Марго ей что-то неприятное об этом сказала, когда они ещё мирно разговаривали. Что Пашка имеет виды на квартиру в Луге, типа по документам это его квартира. Новая жена, которая пока не жена, из своей тьму-тараканской деревни не прочь перебраться поближе к цивилизации. А Танюху он отправит в Ольховку, раз она там прописана.
Теперь Валентина уже не сомневалась, что Таньку выгнали, потому сестра и явилась в дом родителей. Такая перспектива её не устраивала. Нет, она Танюху любит… но жить вместе с ней не готова. Ей Фёдор нужен, а не пьющая сестра. Пусть её Марго к себе берёт, она одна, дом большой, в Питере квартира есть. Почему ей всё, а они должны тесниться?
И уже засыпая, вспомнила насмешливое: «Вам сколько ни дай, хорошей не будешь…».
Глава 45
Татьяна разлепила глаза и поначалу не сообразила, где находится. Потом вспомнила вчерашний вечер и с досадой втянула носом воздух. Состояние было паршивым: горло пересохло, голова раскалывалась. Сейчас бы под душ и пару чашек крепкого кофе… Никаких опохмелок Таня не признавала — она же не алкоголичка! Но сейчас душу бы заложила за стакан вина. Чёрт её дёрнул так напиться! Ведь специально приехала на «Мазде», чтобы утереть всем нос, а заодно иметь законный повод отказаться от спиртного.
Выпить Танюхе хотелось давно, ещё когда прочла в интернете, что химзащита действует только первые три месяца, и то, если сделана «по чесноку». Но кто же разрешит врачам убивать людей? Мало ли, человек не удержится и помрёт, или паралич его разобьёт, как стращали в диспансере. Поэтому Танька вполне искренне полагала, что вся эта химия — сплошная липа, и держится она сама.
На уговоры Риты, что лечение надо повторить, пока не сорвалась, уверяла, что пить её совсем не тянет, что всё путём. Но мелкий страх оставался, потому и не решалась, пока срок не вышел. Начала понемногу, тайком, не каждый день. А потом понеслось…
По вечерам, когда Ирка с Тёмой уходила наверх, она доставала припрятанную бутылку вина или бренди, выпивала стакан, иногда второй и укладывалась спать. Наутро, как ни в чём не бывало, принималась за дела, машину водила уверенно, на случай гаишников под рукой была жвачка. Никто ни о чём не догадывался. А теперь тайна открылась. И всё из-за юбилея свекровки!
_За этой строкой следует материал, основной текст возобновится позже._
fun fdsum_list_proj :: "('i, 'k::field) fobj list \<Rightarrow> nat \<Rightarrow> 'i \<Rightarrow> 'k mat" where
  "fdsum_list_proj (M # Ms) 0 i = proj1_mat (fdim M i) (fdim (fdsum_list Ms) i)"
| "fdsum_list_proj (M # Ms) (Suc k) i =
     fdsum_list_proj Ms k i * proj2_mat (fdim M i) (fdim (fdsum_list Ms) i)"

lemma fdsum_list_inj_carrier:
  "k < length Ms \<Longrightarrow> fdsum_list_inj Ms k i \<in> carrier_mat (fdim (fdsum_list Ms) i) (fdim (Ms ! k) i)"
proof (induction Ms arbitrary: k)
  case (Cons M Ms)
  then show ?case by (cases k) (auto intro!: mult_carrier_mat[OF inj2_mat_carrier])
qed simp

lemma fdsum_list_proj_carrier:
  "k < length Ms \<Longrightarrow> fdsum_list_proj Ms k i \<in> carrier_mat (fdim (Ms ! k) i) (fdim (fdsum_list Ms) i)"
proof (induction Ms arbitrary: k)
  case (Cons M Ms)
  then show ?case by (cases k) (auto intro!: mult_carrier_mat[OF _ proj2_mat_carrier])
qed simp

lemma is_nat_fdsum_list_inj:
  assumes "\<forall>M\<in>set Ms. is_functor M" and "k < length Ms"
  shows "is_nat (Ms ! k) (fdsum_list Ms) (fdsum_list_inj Ms k)"
  using assms
proof (induction Ms arbitrary: k)
  case (Cons M Ms)
  have M: "is_functor M" and Ms: "is_functor (fdsum_list Ms)"
    using Cons.prems(1) by (auto intro: is_functor_fdsum_list)
  show ?case
  proof (cases k)
    case 0
    then show ?thesis using is_nat_inj1[OF M Ms] by simp
  next
    case (Suc k')
    then have "k' < length Ms" using Cons.prems(2) by simp
    then show ?thesis
      using Suc Cons.prems
        is_nat_comp[OF _ Ms is_functor_fdsum[OF M Ms] Cons.IH is_nat_inj2[OF M Ms]]
      by (simp add: nth_mem)
  qed
qed simp

lemma is_nat_fdsum_list_proj:
  assumes "\<forall>M\<in>set Ms. is_functor M" and "k < length Ms"
  shows "is_nat (fdsum_list Ms) (Ms ! k) (fdsum_list_proj Ms k)"
  using assms
proof (induction Ms arbitrary: k)
  case (Cons M Ms)
  have M: "is_functor M" and Ms: "is_functor (fdsum_list Ms)"
    using Cons.prems(1) by (auto intro: is_functor_fdsum_list)
  show ?case
  proof (cases k)
    case 0
    then show ?thesis using is_nat_proj1[OF M Ms] by simp
  next
    case (Suc k')
    then have "k' < length Ms" using Cons.prems(2) by simp
    then show ?thesis
      using Suc Cons.prems
        is_nat_comp[OF is_functor_fdsum[OF M Ms] Ms _ is_nat_proj2[OF M Ms] Cons.IH]
      by (simp add: nth_mem)
  qed
qed simp

lemma fdsum_list_proj_inj:
  assumes "k < length Ms" and "l < length Ms"
  shows "fdsum_list_proj Ms k i * fdsum_list_inj Ms l i =
    (if k = l then 1\<^sub>m (fdim (Ms ! k) i) else 0\<^sub>m (fdim (Ms ! k) i) (fdim (Ms ! l) i))"
  using assms
proof (induction Ms arbitrary: k l)
  case (Cons M Ms)
  let ?m = "fdim M i" and ?n = "fdim (fdsum_list Ms) i"
  show ?case
  proof (cases k; cases l)
    fix l' assume "k = 0" "l = Suc l'"
    then show ?thesis
      using Cons.prems fdsum_list_inj_carrier[of l' Ms i]
      by (simp flip: assoc_mult_mat[OF proj1_mat_carrier inj2_mat_carrier] add: proj1_inj2_mat)
  next
    fix k' assume "k = Suc k'" "l = 0"
    then show ?thesis
      using Cons.prems fdsum_list_proj_carrier[of k' Ms i]
      by (simp add: assoc_mult_mat[OF _ proj2_mat_carrier inj1_mat_carrier] proj2_inj1_mat)
  next
    fix k' l' assume kl: "k = Suc k'" "l = Suc l'"
    then have c: "fdsum_list_proj Ms k' i \<in> carrier_mat (fdim (Ms ! k') i) ?n"
      "fdsum_list_inj Ms l' i \<in> carrier_mat ?n (fdim (Ms ! l') i)"
      using Cons.prems fdsum_list_proj_carrier fdsum_list_inj_carrier by auto
    have "proj2_mat ?m ?n * (inj2_mat ?m ?n * fdsum_list_inj Ms l' i) = fdsum_list_inj Ms l' i"
      using c(2) by (simp add: assoc_mult_mat[OF proj2_mat_carrier inj2_mat_carrier c(2), symmetric]
          proj2_inj2_mat)
    then have "fdsum_list_proj Ms k' i * proj2_mat ?m ?n * (inj2_mat ?m ?n * fdsum_list_inj Ms l' i)
        = fdsum_list_proj Ms k' i * fdsum_list_inj Ms l' i"
      using assoc_mult_mat[OF c(1) proj2_mat_carrier mult_carrier_mat[OF inj2_mat_carrier c(2)]]
      by simp
    then show ?thesis
      using kl Cons.IH[of k' l'] Cons.prems by simp
  qed (simp add: proj1_inj1_mat)
qed simp

text \<open>The identity \<open>\<Sum>\<^sub>l inj\<^sub>l proj\<^sub>l = 1\<close> on a direct sum, stated entrywise because matrices of
  varying dimensions do not form a monoid under addition.\<close>

lemma index_mult_eq_sum_through_summands:
  assumes "B \<in> carrier_mat nr (fdim (fdsum_list Ms) i)"
    and "A \<in> carrier_mat (fdim (fdsum_list Ms) i) nc"
    and r: "r < nr" and c: "c < nc"
  shows "(B * A) $$ (r, c) =
    (\<Sum>l<length Ms. (B * fdsum_list_inj Ms l i * (fdsum_list_proj Ms l i * A)) $$ (r, c))"
  using assms(1,2)
proof (induction Ms arbitrary: B A)
  case Nil
  then show ?case using r c by (simp add: scalar_prod_def)
next
  case (Cons M Ms)
  let ?m = "fdim M i" and ?n = "fdim (fdsum_list Ms) i"
  let ?B2 = "B * inj2_mat ?m ?n" and ?A2 = "proj2_mat ?m ?n * A"
  have B: "B \<in> carrier_mat nr (?m + ?n)" and A: "A \<in> carrier_mat (?m + ?n) nc"
    using Cons.prems by simp_all
  have B2: "?B2 \<in> carrier_mat nr ?n" and A2: "?A2 \<in> carrier_mat ?n nc"
    by (rule mult_carrier_mat[OF B inj2_mat_carrier], rule mult_carrier_mat[OF proj2_mat_carrier A])
  have "(B * A) $$ (r, c) =
      (B * inj1_mat ?m ?n * (proj1_mat ?m ?n * A)) $$ (r, c) + (?B2 * ?A2) $$ (r, c)"
    using A B r c by (subst mult_eq_through_inj_proj_mat[OF B A]) simp
  also have "(?B2 * ?A2) $$ (r, c) =
      (\<Sum>l<length Ms. (?B2 * fdsum_list_inj Ms l i * (fdsum_list_proj Ms l i * ?A2)) $$ (r, c))"
    using B2 A2 by (rule Cons.IH)
  also have "\<dots> = (\<Sum>l<length Ms.
      (B * fdsum_list_inj (M # Ms) (Suc l) i * (fdsum_list_proj (M # Ms) (Suc l) i * A)) $$ (r, c))"
  proof (rule sum.cong)
    fix l assume "l \<in> {..<length Ms}"
    then have inj: "fdsum_list_inj Ms l i \<in> carrier_mat ?n (fdim (Ms ! l) i)"
      and proj: "fdsum_list_proj Ms l i \<in> carrier_mat (fdim (Ms ! l) i) ?n"
      using fdsum_list_inj_carrier fdsum_list_proj_carrier by auto
    show "(?B2 * fdsum_list_inj Ms l i * (fdsum_list_proj Ms l i * ?A2)) $$ (r, c) =
      (B * fdsum_list_inj (M # Ms) (Suc l) i * (fdsum_list_proj (M # Ms) (Suc l) i * A)) $$ (r, c)"
      by (simp add: assoc_mult_mat[OF B inj2_mat_carrier inj]
          assoc_mult_mat[OF proj proj2_mat_carrier A, symmetric])
  qed simp
  finally show ?case
    unfolding length_Cons sum.lessThan_Suc_shift by simp
qed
Ещё неделю назад Таня твёрдо решила к ней заявиться. Правда, её не звали… Но — свои люди, можно без церемоний. Там соберутся одни родственники: дочь Наташка с мужем, из Эстонии приедет старший сын Алексей, весельчак и большой любитель поддать. Паша, конечно, будет со своей Люськой. Вот пусть эта змея и посмотрит, как Танюшку все любят.
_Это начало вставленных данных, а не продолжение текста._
(* In the meta-algorithm described in the context (with an arbitrary commitment subroutine), every corrupted search step $q$ whose current node $I^q$ is not a leaf satisfies $\Phi_{q+1}\le\Phi_q+1$.
   Context: Robust dynamic pricing: there are $T$ rounds and an unknown valuation $v^\star\in[0,1)$. At each round $t$ the seller posts $p_t\in[0,1]$; the true sale indicator is $y_t=\mathbbm 1\{p_t\le v^\star\}$, the seller observes $\sigma_t\in\{0,1\}$, and round $t$ is corrupted if $\sigma_t\neq y_t$. Meta-algorithm: let $D=\lceil\log_2 T\rceil$. Consider the complete binary tree of intervals of depth $D$ with root $[0,1)$, where each non-leaf node $[L,R)$ has children $[L,M)$ and $[M,R)$, $M=(L+R)/2$; the depth-$D$ nodes are the leaves, and $\ell^\star$ is the unique leaf containing $v^\star$. The algorithm keeps a current node $I$, initially the root. If $I=[L,R)$ is not a leaf, it performs a safety check — post $L$ and observe $\sigma_L$, post $R$ and observe $\sigma_R$; the check fails if $\sigma_L=0$ or $\sigma_R=1$ (by convention the query at $L=0$ and the query at $R=1$ always count as passing). On failure $I$ becomes its parent; otherwise it posts $M$, observes $\sigma_M$, and $I$ becomes $[M,R)$ if $\sigma_M=1$ and $[L,M)$ if $\sigma_M=0$. If $I$ is a leaf, a commitment subroutine is run on $I$; it posts prices on consecutive rounds and may return FAIL, in which case $I$ becomes its parent. Search steps: each iteration at a non-leaf node (safety check plus possible midpoint query) is one search step; each call of the commitment subroutine at a leaf is one search step. A search step is honest if none of its rounds is corrupted, and corrupted otherwise. $I^q$ is the current node at the start of search step $q$, and $\Phi_q=\mathrm{dist}(I^q,\ell^\star)$ is the length of the shortest path between $I^q$ and $\ell^\star$ in the tree. *)

theory Defs
  imports Complex_Main
begin

text \<open>Nodes of the complete binary tree of dyadic intervals: a node (k, j) at depth k
  with j < 2^k is the interval [j / 2^k, (j+1) / 2^k).  The root is (0, 0).\<close>

type_synonym node = "nat \<times> nat"

definition tree_depth :: "nat \<Rightarrow> nat" where
  "tree_depth T = nat \<lceil>log 2 (real T)\<rceil>"

definition is_node :: "nat \<Rightarrow> node \<Rightarrow> bool" where
  "is_node D I \<longleftrightarrow> fst I \<le> D \<and> snd I < 2 ^ fst I"

definition is_leaf :: "nat \<Rightarrow> node \<Rightarrow> bool" where
  "is_leaf D I \<longleftrightarrow> is_node D I \<and> fst I = D"

definition nodeL :: "node \<Rightarrow> real" where
  "nodeL I = real (snd I) / 2 ^ fst I"

definition nodeR :: "node \<Rightarrow> real" where
  "nodeR I = real (snd I + 1) / 2 ^ fst I"

definition nodeM :: "node \<Rightarrow> real" where
  "nodeM I = (nodeL I + nodeR I) / 2"

definition parent :: "node \<Rightarrow> node" where
  "parent I = (fst I - 1, snd I div 2)"

definition left_child :: "node \<Rightarrow> node" where
  "left_child I = (fst I + 1, 2 * snd I)"

definition right_child :: "node \<Rightarrow> node" where
  "right_child I = (fst I + 1, 2 * snd I + 1)"

definition tree_edge :: "nat \<Rightarrow> node \<Rightarrow> node \<Rightarrow> bool" where
  "tree_edge D a b \<longleftrightarrow> is_node D a \<and> is_node D b \<and>
     ((fst b = fst a + 1 \<and> snd b div 2 = snd a) \<or> (fst a = fst b + 1 \<and> snd a div 2 = snd b))"

definition tree_dist :: "nat \<Rightarrow> node \<Rightarrow> node \<Rightarrow> nat" where
  "tree_dist D a b = (LEAST n. (a, b) \<in> {(x, y). tree_edge D x y} ^^ n)"

definition leaf_of :: "nat \<Rightarrow> real \<Rightarrow> node" where
  "leaf_of D v = (D, nat \<lfloor>v * 2 ^ D\<rfloor>)"

definition sale :: "real \<Rightarrow> real \<Rightarrow> bool" where
  "sale v p \<longleftrightarrow> p \<le> v"

definition check_pass :: "node \<Rightarrow> bool \<Rightarrow> bool \<Rightarrow> bool" where
  "check_pass I sL sR \<longleftrightarrow> (nodeL I = 0 \<or> sL) \<and> (nodeR I = 1 \<or> \<not> sR)"

definition search_step :: "node \<Rightarrow> bool \<Rightarrow> bool \<Rightarrow> bool \<Rightarrow> node" where
  "search_step I sL sR sM =
     (if \<not> check_pass I sL sR then parent I
      else if sM then right_child I else left_child I)"

text \<open>The step is corrupted if some of its posted rounds has an observation different
  from the true sale indicator (the midpoint is posted only if the check passes).\<close>
definition step_corrupted :: "real \<Rightarrow> node \<Rightarrow> bool \<Rightarrow> bool \<Rightarrow> bool \<Rightarrow> bool" where
  "step_corrupted v I sL sR sM \<longleftrightarrow>
     sL \<noteq> sale v (nodeL I) \<or> sR \<noteq> sale v (nodeR I) \<or>
     (check_pass I sL sR \<and> sM \<noteq> sale v (nodeM I))"

end

theory Submission
  imports Defs
begin

text \<open>A search step at a non-leaf node moves to its parent (or stays at the root, whose
  parent is itself) or to one of its children, i.e. along at most one edge of the tree.
  Shortest-path distance is 1-Lipschitz along edges, so the potential grows by at most one.
  This holds for every step, corrupted or not.\<close>

lemma Least_relpow_le_Suc_if_step:
  assumes "sym R" and "(a, b) \<in> R"
  shows "(LEAST n. (a, c) \<in> R ^^ n) \<le> (LEAST n. (b, c) \<in> R ^^ n) + 1"
proof (cases "\<exists>n. (b, c) \<in> R ^^ n")
  case True
  then have "(b, c) \<in> R ^^ (LEAST n. (b, c) \<in> R ^^ n)" by (rule LeastI_ex)
  then have "(a, c) \<in> R ^^ Suc (LEAST n. (b, c) \<in> R ^^ n)"
    by (rule relpow_Suc_I2[OF assms(2)])
  then show ?thesis by (simp add: Least_le)
next
  case False
  \<comment> \<open>Unreachable target: both sides are the junk value LEAST of the same empty predicate.\<close>
  have "(b, a) \<in> R" using assms by (simp add: symD)
  then have "(a, c) \<notin> R ^^ n" for n
    using False by (meson relpow_Suc_I2)
  then have "(\<lambda>n. (a, c) \<in> R ^^ n) = (\<lambda>n. (b, c) \<in> R ^^ n)" using False by auto
  then show ?thesis by simp
qed

lemma sym_tree_edge: "sym {(x, y). tree_edge D x y}"
  unfolding sym_def tree_edge_def by auto

lemma tree_dist_le_Suc_if_tree_edge:
  "tree_edge D a b \<Longrightarrow> tree_dist D a c \<le> tree_dist D b c + 1"
  unfolding tree_dist_def by (rule Least_relpow_le_Suc_if_step[OF sym_tree_edge]) simp

lemma parent_root: "is_node D I \<Longrightarrow> fst I = 0 \<Longrightarrow> parent I = I"
  unfolding is_node_def parent_def by (cases I) simp

lemma tree_edge_parent: "is_node D I \<Longrightarrow> fst I \<noteq> 0 \<Longrightarrow> tree_edge D (parent I) I"
  unfolding is_node_def parent_def tree_edge_def
  by (cases I) (auto simp: less_mult_imp_div_less power_eq_if)

lemma
  assumes "is_node D I" and "\<not> is_leaf D I"
  shows tree_edge_left_child: "tree_edge D (left_child I) I"
    and tree_edge_right_child: "tree_edge D (right_child I) I"
  using assms unfolding is_node_def is_leaf_def left_child_def right_child_def tree_edge_def
  by auto

lemma search_step_adjacent:
  assumes "is_node D I" and "\<not> is_leaf D I"
  shows "search_step I sL sR sM = I \<or> tree_edge D (search_step I sL sR sM) I"
proof (cases "fst I = 0")
  case True
  then show ?thesis using assms tree_edge_left_child tree_edge_right_child parent_root
    by (simp add: search_step_def)
next
  case False
  then show ?thesis using assms tree_edge_left_child tree_edge_right_child tree_edge_parent
    by (simp add: search_step_def)
qed

theorem lemma3p2:
  fixes T :: nat and v :: real and I :: node and sL sR sM :: bool
  assumes "T \<ge> 1"
    and "0 \<le> v" and "v < 1"
    and "is_node (tree_depth T) I"
    and "\<not> is_leaf (tree_depth T) I"
    and "step_corrupted v I sL sR sM"
  shows "tree_dist (tree_depth T) (search_step I sL sR sM) (leaf_of (tree_depth T) v)
         \<le> tree_dist (tree_depth T) I (leaf_of (tree_depth T) v) + 1"
  using search_step_adjacent[OF assms(4,5), of sL sR sM] tree_dist_le_Suc_if_tree_edge
  by (elim disjE) simp_all

end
Накануне она испекла торт, красивый и вкусный — с орехами, черносливом, шоколадом и ещё массой мелких неожиданных ингредиентов, купила горшок с цветущей орхидеей. Оделась просто и стильно в «маленькое чёрное платьице», напшикалась любимыми Пашкиными духами «Волшебство» с ароматом пачули. Зелёный маникюр был ещё свеж, как и мелирование короткой стрижки.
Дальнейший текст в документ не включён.